Concert Tonight is an American music television series which aired on the now-defunct DuMont Television Network.

Broadcast history
Concert Tonight first aired from December 30, 1953 to March 31, 1954, then was brought back from September 15, 1954 to April 6, 1955. During the 1954–55 season, Concert Tonight aired Wednesdays at 9 pm EST.

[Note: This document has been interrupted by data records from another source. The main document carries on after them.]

section \<open>Moduli prime to 5\<close>

lemma double_phi_power_prime_cong:
  assumes p: "prime p" "p > 2"
  shows "of_nat p dvd 2 * phi ^ p - 1 - of_int (Legendre 5 (int p)) * sqrt5"
proof -
  define L where "L = Legendre 5 (int p)"
  obtain h where h: "p = 2 * h + 1"
    using prime_odd_nat[OF p] by (auto elim!: oddE)
  have "[L = 5 ^ ((p - 1) div 2)] (mod int p)"
    unfolding L_def using p by (rule euler_criterion)
  then have "int p dvd 5 ^ h - L"
    by (simp add: h cong_iff_dvd_diff dvd_diff_commute)
  then have euler: "of_nat p dvd of_int (5 ^ h - L) * sqrt5"
    using of_int_dvd_of_int_mult by (metis of_int_of_nat_eq)
  have "int p dvd (1 + 1) ^ p - 1 ^ p - 1 ^ p"
    using prime_dvd_power_add_diff[OF p(1)] by (metis of_int_of_nat_eq)
  then have "int p dvd 2 ^ p - 2"
    by simp
  then have fermat: "of_nat p dvd of_int (2 ^ p - 2) * phi ^ p"
    using of_int_dvd_of_int_mult by (metis of_int_of_nat_eq)
  have frobenius: "of_nat p dvd (1 + sqrt5) ^ p - 1 ^ p - sqrt5 ^ p"
    using prime_dvd_power_add_diff[OF p(1)] .
  have "(1 + sqrt5) ^ p = of_int (2 ^ p) * phi ^ p"
    by (simp add: sqrt5_def power_mult_distrib)
  moreover have "sqrt5 ^ p = of_int (5 ^ h) * sqrt5"
    unfolding h by (rule sqrt5_power_odd)
  ultimately have "2 * phi ^ p - 1 - of_int L * sqrt5
      = ((1 + sqrt5) ^ p - 1 ^ p - sqrt5 ^ p) + of_int (5 ^ h - L) * sqrt5
        - of_int (2 ^ p - 2) * phi ^ p"
    by (simp add: algebra_simps)
  also have "of_nat p dvd \<dots>"
    by (rule dvd_diff[OF dvd_add[OF frobenius euler] fermat])
  finally show ?thesis unfolding L_def .
qed

lemma of_nat_dvd_zphi_double_cancel:
  assumes "prime p" "p > 2" "of_nat p dvd 2 * z"
  shows "of_nat p dvd (z :: zphi)"
proof -
  have "\<not> p dvd 2"
    using assms(1,2) by (metis less_irrefl primes_dvd_imp_eq two_is_prime_nat)
  then have "coprime (int p) 2"
    using assms(1) by (metis coprime_int_iff of_nat_numeral prime_imp_coprime)
  then show ?thesis
    using assms(3) unfolding of_nat_dvd_zphi_iff by (simp add: coprime_dvd_mult_right_iff)
qed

DuMont broadcast many music-based programs, including this one, which featured the Chicago Symphony performing an hour of music. The series was broadcast from DuMont affiliate WGN-TV in Chicago.

Episode status
One episode survives at the UCLA Film and Television Archive, while the November 18, 1953 episode survives as part of the Peabody Award collection. Edie Adams, an actress and singer who worked at DuMont before the network ceased broadcasting during 1956, claimed that so little value was given to DuMont's programs that in the late 1970s they were loaded onto three trucks and dumped into Upper New York Bay.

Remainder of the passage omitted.